EXERCISE REQUIREMENTS
Start at the first line of the material. Repeat each line exactly through the one containing "mut i \<in>", then stop.

DATA FOR ANALYSIS

- Opening Delimiter -

(* For all $N\ge2$ and $2\le k\le N$, $$E\big[X_{k,N}^2(W_k-V_{k,N})^2\big]\le r\Big(\frac1{N^2}+\frac{2}{N^{1+r}k^{1-r}}\Big).$$
   Context: Fix $r\in(0,1)$. Multitype Yule process: at time $0$ a single individual of type $1$ is born; no deaths; each individual independently gives birth at rate $1$; a newborn has, independently, its parent's type with probability $1-r$ and otherwise a brand-new type. Individuals are numbered in order of birth (the initial one is the 1st); if the $k$-th individual born has a type different from its parent, that type is called type $k$. $T_N$ is the time the population reaches size $N$; $X_{k,N}$ is the fraction of individuals at time $T_N$ with type in $\{1,\dots,k\}$; $V_{k,N}$ is the fraction, among individuals at time $T_N$ with type in $\{1,\dots,k\}$, of those that have type $k$. $W_k=\lim_{N\to\infty}V_{k,N}$ (exists a.s.); the $W_k$ are independent, $W_1=1$, and for $k\ge2$, $P(W_k>0)=r$ and given $W_k>0$, $W_k\sim\mathrm{Beta}(1,k-1)$. *)

theory Defs
  imports "HOL-Probability.Probability"
begin

text \<open>Embedded jump chain of the multitype Yule process.
  Individuals are numbered 1, 2, 3, ... in order of birth.  For n \<ge> 2,
  par n is the parent of individual n (an element of {1..n-1}) and
  mut n says whether individual n received a brand-new type.
  ytype par mut n is the type of individual n.\<close>

function ytype :: "(nat \<Rightarrow> nat) \<Rightarrow> (nat \<Rightarrow> bool) \<Rightarrow> nat \<Rightarrow> nat" where
  "ytype par mut n =
     (if n \<le> 1 then 1
      else if mut n then n
      else if 1 \<le> par n \<and> par n < n then ytype par mut (par n)
      else 1)"
  by pat_completeness auto
termination
  by (relation "Wellfounded.measure (\<lambda>(_, _, n). n)") auto

declare ytype.simps [simp del]

text \<open>X_{k,N}: fraction of the N individuals present at time T_N having type in {1..k}.\<close>
definition Xfrac :: "(nat \<Rightarrow> nat) \<Rightarrow> (nat \<Rightarrow> bool) \<Rightarrow> nat \<Rightarrow> nat \<Rightarrow> real" where
  "Xfrac par mut k N =
     real (card {i \<in> {1..N}. ytype par mut i \<in> {1..k}}) / real N"
(* Let $T=T_\lambda$ ($\lambda\in(1,2)$) be a tent map whose critical point $c$ has period $m\ge 3$, and let $K$ be its kneading sequence. (1) If for some $N\in\mathbb N$ a word $\mathbf s\in\{0,1\}^N$ is not the initial $N$-segment of $\mathcal I(x)$ for any $x\in[0,T(c)]$, then there is a segment (block of consecutive symbols) $\mathbf r$ of $\mathbf s$ with length $j\le m$ such that $\mathbf r\succ K|_j$. (2) If $\mathbf t\in\{0,1\}^{\mathbb N}$ satisfies $\sigma^k(\mathbf t)\succ K$ for some $k\ge 0$, then there is a segment $\mathbf r$ of $\mathbf t$ with length $j\le m$ such that $\mathbf r\succ K|_j$.
   Context: For $\lambda\in(1,2]$ the tent map $T_\lambda:[0,1]\to[0,1]$ is $T_\lambda(x)=\lambda x$ on $[0,1/2]$ and $\lambda(1-x)$ on $[1/2,1]$, with critical point $c=1/2$. $\Omega=\{0,1,C\}$. The address of $x$ is $0$ if $x<c$, $C$ if $x=c$, $1$ if $x>c$; the itinerary $\mathcal I(x)$ is the sequence of addresses of $x,T(x),T^2(x),\dots$; $\mathcal I^+(x)=\lim_{y\downarrow x}\mathcal I(y)$ (limit in the product topology on $\Omega^{\mathbb N}$). The kneading sequence is $K=\sigma(\mathcal I^+(c))$, $\sigma$ the shift. A word is finite string over $\Omega$; it is even if it contains an even number of $1$'s and odd otherwise. $\mathbf s|_k$ denotes the first $k$ symbols. Parity lexicographic order: set $0<C<1$; for two sequences (or two words of equal length) $\mathbf s\ne\mathbf t$ with first difference at index $k$ (i.e. $s_i=t_i$ for $i<k$, $s_k\ne t_k$), $\mathbf s\prec\mathbf t$ iff either $s_0\dots s_{k-1}$ is even and $s_k<t_k$, or $s_0\dots s_{k-1}$ is odd and $s_k>t_k$; $\succ$ is the reverse relation. *)

theory Defs
  imports Complex_Main
begin

datatype sym = S0 | SC | S1

fun rank :: "sym \<Rightarrow> nat" where
  "rank S0 = 0" | "rank SC = 1" | "rank S1 = 2"

definition tent :: "real \<Rightarrow> real \<Rightarrow> real" where
  "tent lam x = (if x \<le> 1/2 then lam * x else lam * (1 - x))"

definition crit :: real where "crit = 1/2"

definition addr :: "real \<Rightarrow> sym" where
  "addr x = (if x < crit then S0 else if x = crit then SC else S1)"

definition itin :: "real \<Rightarrow> real \<Rightarrow> nat \<Rightarrow> sym" where
  "itin lam x n = addr ((tent lam ^^ n) x)"

text \<open>I^+(x) = lim_{y -> x+} I(y) in the product topology on sequences over a finite alphabet:
  each coordinate is eventually constant as y tends to x from the right.\<close>
definition itin_plus :: "real \<Rightarrow> real \<Rightarrow> nat \<Rightarrow> sym" where
  "itin_plus lam x = (THE s. \<forall>n. eventually (\<lambda>y. itin lam y n = s n) (at_right x))"

definition kneading :: "real \<Rightarrow> nat \<Rightarrow> sym" where
  "kneading lam = (\<lambda>n. itin_plus lam crit (Suc n))"

definition num_ones :: "sym list \<Rightarrow> nat" where
  "num_ones w = length (filter (\<lambda>a. a = S1) w)"

definition even_word :: "sym list \<Rightarrow> bool" where
  "even_word w \<longleftrightarrow> even (num_ones w)"

definition plex_less :: "(nat \<Rightarrow> sym) \<Rightarrow> (nat \<Rightarrow> sym) \<Rightarrow> bool" where
  "plex_less s t \<longleftrightarrow> (\<exists>k. (\<forall>i<k. s i = t i) \<and> s k \<noteq> t k \<and>
     (if even_word (map s [0..<k]) then rank (s k) < rank (t k) else rank (s k) > rank (t k)))"

definition plex_less_word :: "sym list \<Rightarrow> sym list \<Rightarrow> bool" where
  "plex_less_word u v \<longleftrightarrow> length u = length v \<and> (\<exists>k < length u. take k u = take k v \<and> u ! k \<noteq> v ! k \<and>
     (if even_word (take k u) then rank (u ! k) < rank (v ! k) else rank (u ! k) > rank (v ! k)))"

- Closing Delimiter -

TASK RESULT
(* For all $N\ge2$ and $2\le k\le N$, $$E\big[X_{k,N}^2(W_k-V_{k,N})^2\big]\le r\Big(\frac1{N^2}+\frac{2}{N^{1+r}k^{1-r}}\Big).$$
   Context: Fix $r\in(0,1)$. Multitype Yule process: at time $0$ a single individual of type $1$ is born; no deaths; each individual independently gives birth at rate $1$; a newborn has, independently, its parent's type with probability $1-r$ and otherwise a brand-new type. Individuals are numbered in order of birth (the initial one is the 1st); if the $k$-th individual born has a type different from its parent, that type is called type $k$. $T_N$ is the time the population reaches size $N$; $X_{k,N}$ is the fraction of individuals at time $T_N$ with type in $\{1,\dots,k\}$; $V_{k,N}$ is the fraction, among individuals at time $T_N$ with type in $\{1,\dots,k\}$, of those that have type $k$. $W_k=\lim_{N\to\infty}V_{k,N}$ (exists a.s.); the $W_k$ are independent, $W_1=1$, and for $k\ge2$, $P(W_k>0)=r$ and given $W_k>0$, $W_k\sim\mathrm{Beta}(1,k-1)$. *)

theory Defs
  imports "HOL-Probability.Probability"
begin

text \<open>Embedded jump chain of the multitype Yule process.
  Individuals are numbered 1, 2, 3, ... in order of birth.  For n \<ge> 2,
  par n is the parent of individual n (an element of {1..n-1}) and
  mut n says whether individual n received a brand-new type.
  ytype par mut n is the type of individual n.\<close>

function ytype :: "(nat \<Rightarrow> nat) \<Rightarrow> (nat \<Rightarrow> bool) \<Rightarrow> nat \<Rightarrow> nat" where
  "ytype par mut n =
     (if n \<le> 1 then 1
      else if mut n then n
      else if 1 \<le> par n \<and> par n < n then ytype par mut (par n)
      else 1)"
  by pat_completeness auto
termination
  by (relation "Wellfounded.measure (\<lambda>(_, _, n). n)") auto

declare ytype.simps [simp del]

text \<open>X_{k,N}: fraction of the N individuals present at time T_N having type in {1..k}.\<close>
definition Xfrac :: "(nat \<Rightarrow> nat) \<Rightarrow> (nat \<Rightarrow> bool) \<Rightarrow> nat \<Rightarrow> nat \<Rightarrow> real" where
  "Xfrac par mut k N =
     real (card {i \<in> {1..N}. ytype par mut i \<in> {1..k}}) / real N"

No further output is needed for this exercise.